Yes, the release of the M3 will be interesting. That will figure into an increasingly interesting picture for ARM computing going forward.
techconc - Thursday, October 26, 2023 - link
Look at the official listings on the Geekbench site.M2 in the Mac mini - 9742
M2 Pro in Mac mini - 14251 - 46% higher
If the X1 is 50% faster than M2, that would put it at 14613.... which is effectively the same.
Also, keep in mind that Qualcomm's numbers are typically higher than actual shipping products using their chips. They always show the best case scenario with some sort of reference device that has no thermal limitations, etc.
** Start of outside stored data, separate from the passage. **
lemma exists_word_to_pairs_ne_4:
  assumes m: "3 \<le> m" "m \<noteq> 4" and n: "3 \<le> n"
    and P: "P \<subseteq> {..<m}" "card P = 2" and Q: "Q \<subseteq> {..<n}" "card Q = 2"
  obtains g where "set g \<subseteq> {A, B}" "run m g ` {m - 1, 0} = P"
    "run n (map swap_ab g) ` {n - 1, 0} = Q"
proof -
  obtain g' where g': "set g' \<subseteq> {A, B}" "run n g' ` {n - 1, 0} = Q"
    using exists_word_to_pair[OF n Q] .
  define g where "g = map swap_ab g'"
  have g: "set g \<subseteq> {A, B}"
    using set_map_swap_ab[OF g'(1)] by (simp add: g_def)
  have "pre m g P \<subseteq> {..<m}" "card (pre m g P) = 2" "2 \<le> n"
    using pre_subset card_pre[OF g _ P(1)] P(2) m n by simp_all
  then have "pre m g P \<in> fixing_images m n"
    using pair_in_fixing_images[OF m] by blast
  then obtain h where h: "set h \<subseteq> {A, B}" "run m h ` {m - 1, 0} = pre m g P"
    "run n (map swap_ab h) ` {n - 1, 0} = {n - 1, 0}"
    by (auto simp: fixing_images_def)
  have "run m (h @ g) ` {m - 1, 0} = P"
    using image_run_pre[OF g _ P(1)] h(2) m by (simp only: image_run_append)
  moreover have "run n (map swap_ab (h @ g)) ` {n - 1, 0} = Q"
    using g'(2) h(3) by (simp only: image_run_append map_append g_def map_swap_ab_swap_ab)
  moreover have "set (h @ g) \<subseteq> {A, B}"
    using g h(1) by simp
  ultimately show ?thesis
    using that by blast
qed

lemma exists_word_to_pairs:
  assumes m: "3 \<le> m" and n: "3 \<le> n" and mn: "\<not> (m = 4 \<and> n = 4)"
    and P: "P \<subseteq> {..<m}" "card P = 2" and Q: "Q \<subseteq> {..<n}" "card Q = 2"
  obtains g where "set g \<subseteq> {A, B}" "run m g ` {m - 1, 0} = P"
    "run n (map swap_ab g) ` {n - 1, 0} = Q"
proof (cases "m = 4")
  case True
  obtain g where g: "set g \<subseteq> {A, B}" "run n g ` {n - 1, 0} = Q"
    "run m (map swap_ab g) ` {m - 1, 0} = P"
    using exists_word_to_pairs_ne_4[OF n _ m Q P] True mn by blast
  show ?thesis
    by (rule that[OF set_map_swap_ab[OF g(1)] g(3)]) (simp only: map_swap_ab_swap_ab g(2))
next
  case False
  then show ?thesis
    using exists_word_to_pairs_ne_4[OF m False n P Q] that by blast
qed

lemma pre_C: "2 \<le> k \<Longrightarrow> X \<subseteq> {..<k} \<Longrightarrow>
    pre k [C] X = (if 0 \<in> X then insert (k - 1) X else X - {k - 1})"
  by (auto simp: pre_def lastto0_def)

lemma exists_pair_inside_or_outside:
  fixes k :: nat
  assumes "3 \<le> k" "X \<subseteq> {..<k}"
  obtains P where "P \<subseteq> {..<k}" "card P = 2" "if 2 \<le> card X then P \<subseteq> X else P \<inter> X = {}"
proof (cases "2 \<le> card X")
  case True
  obtain P where "P \<subseteq> X" "card P = 2" "finite P"
    by (rule obtain_subset_with_card_n[OF True])
  then show ?thesis
    using that[of P] True assms(2) by auto
next
  case False
  have "card ({..<k} - X) = k - card X"
    using assms(2) by (simp add: card_Diff_subset finite_subset)
  then have "2 \<le> card ({..<k} - X)"
    using False assms(1) by linarith
  then obtain P where "P \<subseteq> {..<k} - X" "card P = 2" "finite P"
    by (rule obtain_subset_with_card_n)
  then show ?thesis
    using that[of P] False by auto
qed

definition step_toward :: "nat \<Rightarrow> nat \<Rightarrow> nat" where
  "step_toward t c = (if c < t then Suc c else if t < c then c - 1 else c)"

lemma exists_pre_C_step:
  assumes k: "3 \<le> k" and X: "X \<subseteq> {..<k}" and g: "set g \<subseteq> {A, B}" "run k g ` {k - 1, 0} = P"
    and P: "if 2 \<le> card X then P \<subseteq> X else P \<inter> X = {}" and t: "1 \<le> t" "t \<le> 2"
  obtains Y where "Y \<subseteq> {..<k}" "pre k [C] Y = pre k g X" "card Y = step_toward t (card X)"
proof -
  define X' where "X' = pre k g X"
  have X': "X' \<subseteq> {..<k}" "card X' = card X"
    using pre_subset card_pre[OF g(1) _ X] k by (simp_all add: X'_def)
  \<comment> \<open>After g, the states k-1 and 0 lie both inside X' or both outside, as the letter c requires.\<close>
  have inside: "k - 1 \<in> X' \<longleftrightarrow> 2 \<le> card X'" "0 \<in> X' \<longleftrightarrow> 2 \<le> card X'"
    using g(2) P k X' by (auto simp: X'_def pre_def split: if_splits)
  show ?thesis
  proof (cases "card X' < t")
    case True
    then show ?thesis
      using that[of "insert (k - 1) X'"] inside X' t k
      by (auto simp: X'_def pre_C finite_subset step_toward_def)
  next
    case False
    show ?thesis
    proof (cases "t < card X'")
      case True
      then show ?thesis
        using that[of "X' - {k - 1}"] inside X' t k
        by (auto simp: X'_def pre_C finite_subset step_toward_def)
    next
      case False
      then show ?thesis
        using that[of X'] inside X' \<open>\<not> card X' < t\<close> k
        by (auto simp: X'_def pre_C insert_absorb step_toward_def)
    qed
  qed
qed

definition L_finals :: "nat \<Rightarrow> nat set" where
  "L_finals n = (if 4 \<le> n then {1, 3} else {1})"

lemma reachable_pairs_card_2:
  assumes m: "3 \<le> m" and n: "3 \<le> n" and mn: "\<not> (m = 4 \<and> n = 4)"
    and S: "S \<subseteq> {..<m}" "card S = 2" and T: "T \<subseteq> {..<n}" "card T = card (L_finals n)"
  shows "(S, T) \<in> reachable_pairs m n {0, 2} (L_finals n)"
proof -
  \<comment> \<open>For n = 3 the sets in question have one element, so we move their complements instead.\<close>
  define co where "co X = (if 4 \<le> n then X else {..<n} - X)" for X
  have L: "L_finals n \<subseteq> {..<n}"
    using n by (auto simp: L_finals_def)
  have co_sub: "co X \<subseteq> {..<n}" if "X \<subseteq> {..<n}" for X
    using that by (auto simp: co_def)
  have co_card: "card (co X) = 2" if "X \<subseteq> {..<n}" "card X = card (L_finals n)" for X
    using that n by (auto simp: co_def L_finals_def card_Diff_subset finite_subset)
  have co_co: "co (co X) = X" if "X \<subseteq> {..<n}" for X
    using that by (auto simp: co_def)
  have pre_co: "pre n w (co X) = co (pre n w X)" for w X
    using n by (simp add: co_def pre_Diff)
  obtain g where g: "set g \<subseteq> {A, B}" "run m g ` {m - 1, 0} = S"
    "run n (map swap_ab g) ` {n - 1, 0} = co T"
    by (rule exists_word_to_pairs[OF m n mn S co_sub[OF T(1)] co_card[OF T]])
  obtain h where h: "set h \<subseteq> {A, B}" "run m h ` {m - 1, 0} = {0, 2}"
    "run n (map swap_ab h) ` {n - 1, 0} = co (L_finals n)"
  proof (rule exists_word_to_pairs[OF m n mn _ _ co_sub[OF L] co_card[OF L refl]])
    show "{0, 2} \<subseteq> {..<m}" "card {0, 2 :: nat} = 2"
      using m by auto
  qed
  have K: "{m - 1, 0} \<subseteq> {..<m}" and N: "{n - 1, 0} \<subseteq> {..<n}" and F: "{0, 2} \<subseteq> {..<m}"
    using m n by auto
  have "pre m g S = pre m h {0, 2}"
    using pre_image_run[OF g(1) _ K] pre_image_run[OF h(1) _ K] g(2) h(2) m by simp
  moreover have "co (pre n (map swap_ab g) T) = co (pre n (map swap_ab h) (L_finals n))"
    using pre_image_run[OF set_map_swap_ab[OF g(1)] _ N] pre_image_run[OF set_map_swap_ab[OF h(1)] _ N]
      g(3) h(3) n by (simp add: pre_co[symmetric])
  then have "pre n (map swap_ab g) T = pre n (map swap_ab h) (L_finals n)"
    using co_co[OF pre_subset] by metis
  moreover have "(pre m h {0, 2}, pre n (map swap_ab h) (L_finals n)) \<in> reachable_pairs m n {0, 2} (L_finals n)"
    using reachable_pairs_pre_iff[OF h(1) F L] reachable_pairs_start[OF F L] m n by simp
  ultimately show ?thesis
    using reachable_pairs_pre_iff[OF g(1) S(1) T(1)] m n by simp
qed

lemma exists_reachable_pairs_step:
  assumes m: "3 \<le> m" and n: "3 \<le> n" and mn: "\<not> (m = 4 \<and> n = 4)"
    and S: "S \<subseteq> {..<m}" and T: "T \<subseteq> {..<n}" and t: "1 \<le> t" "t \<le> 2"
  obtains S' T' where "S' \<subseteq> {..<m}" "T' \<subseteq> {..<n}" "card S' = step_toward 2 (card S)"
    "card T' = step_toward t (card T)"
    "(S', T') \<in> reachable_pairs m n F1 F2 \<Longrightarrow> (S, T) \<in> reachable_pairs m n F1 F2"
proof -
  obtain P where P: "P \<subseteq> {..<m}" "card P = 2" "if 2 \<le> card S then P \<subseteq> S else P \<inter> S = {}"
    using exists_pair_inside_or_outside[OF m S] by blast
  obtain Q where Q: "Q \<subseteq> {..<n}" "card Q = 2" "if 2 \<le> card T then Q \<subseteq> T else Q \<inter> T = {}"
    using exists_pair_inside_or_outside[OF n T] by blast
  obtain g where g: "set g \<subseteq> {A, B}" "run m g ` {m - 1, 0} = P"
    "run n (map swap_ab g) ` {n - 1, 0} = Q"
    using exists_word_to_pairs[OF m n mn P(1,2) Q(1,2)] by blast
  have "1 \<le> (2::nat)" "(2::nat) \<le> 2"
    by simp_all
  then obtain S' where S': "S' \<subseteq> {..<m}" "pre m [C] S' = pre m g S" "card S' = step_toward 2 (card S)"
    using exists_pre_C_step[OF m S g(1,2) P(3)] by blast
  obtain T' where T': "T' \<subseteq> {..<n}" "pre n [C] T' = pre n (map swap_ab g) T"
    "card T' = step_toward t (card T)"
    using exists_pre_C_step[OF n T set_map_swap_ab[OF g(1)] g(3) Q(3) t] by blast
  have "(S, T) \<in> reachable_pairs m n F1 F2" if "(S', T') \<in> reachable_pairs m n F1 F2"
  proof -
    have "(pre m g S, pre n (map swap_ab g) T) \<in> reachable_pairs m n F1 F2"
      using reachable_pairs_pre[OF that, of "[C]"] S'(2) T'(2) m n by simp
    then show ?thesis
      using reachable_pairs_pre_iff[OF g(1) S T] m n by simp
  qed
  then show ?thesis
    using that S'(1,3) T'(1,3) by blast
qed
Speedfriend - Thursday, October 26, 2023 - link
From the slides, it would appear that multl thread on Geekbench is around 14500 (M2 x 1.5) which would put it in line with M2 Max with higher power consumption. However,the flip side is that it offers 15% better single-threaded at 30% less power and has the ability to ramp two cores to high clock speeds.For a first attempt, this is far better than I expected and will cause serious issues for Intel and AMD unless they pull something out of the bag
techconc - Thursday, October 26, 2023 - link
Yes, Qualcomm's presentation was intentionally misleading. For example, they compared single core performance to the M2 Max. Why not compare multi-core performance as well? For that matter, the base M2 has the same single core performance but I guess that comparison didn't sound as impressive. Worse, I've seen general news coverage (forget which channel) which parroted that claim and said this new chip is faster than an M2 Max. Well played Qualcomm marketing... it worked on non-technical types.ChrisGX - Thursday, October 26, 2023 - link
The comparison made in the keynote was clearly with the M2 MAX - Apple's highest performing chip. Qualcomm claimed the Snapdragon X Elite outperforms that chip (presumably on the Geekbench 6 single-thread benchmark). Furthermore, at ISO performance Qualcomm claimed the Snapdragon chip uses about 30% less power than the Apple chip (at the latter's peak performance).There is nothing unfair about that comparison. If further testing confirms Qualcomm's claims then the Oryon core will take the crown as the fastest ARM core and perhaps the fastest CPU core bare none. But, it will be efficient to boot.
The news is even worse for Intel than it is for Apple. Still, Apple somehow managed to alienate the designers of the Oryon core and I'm pretty sure the responsible parties over at Apple would be regretting that now.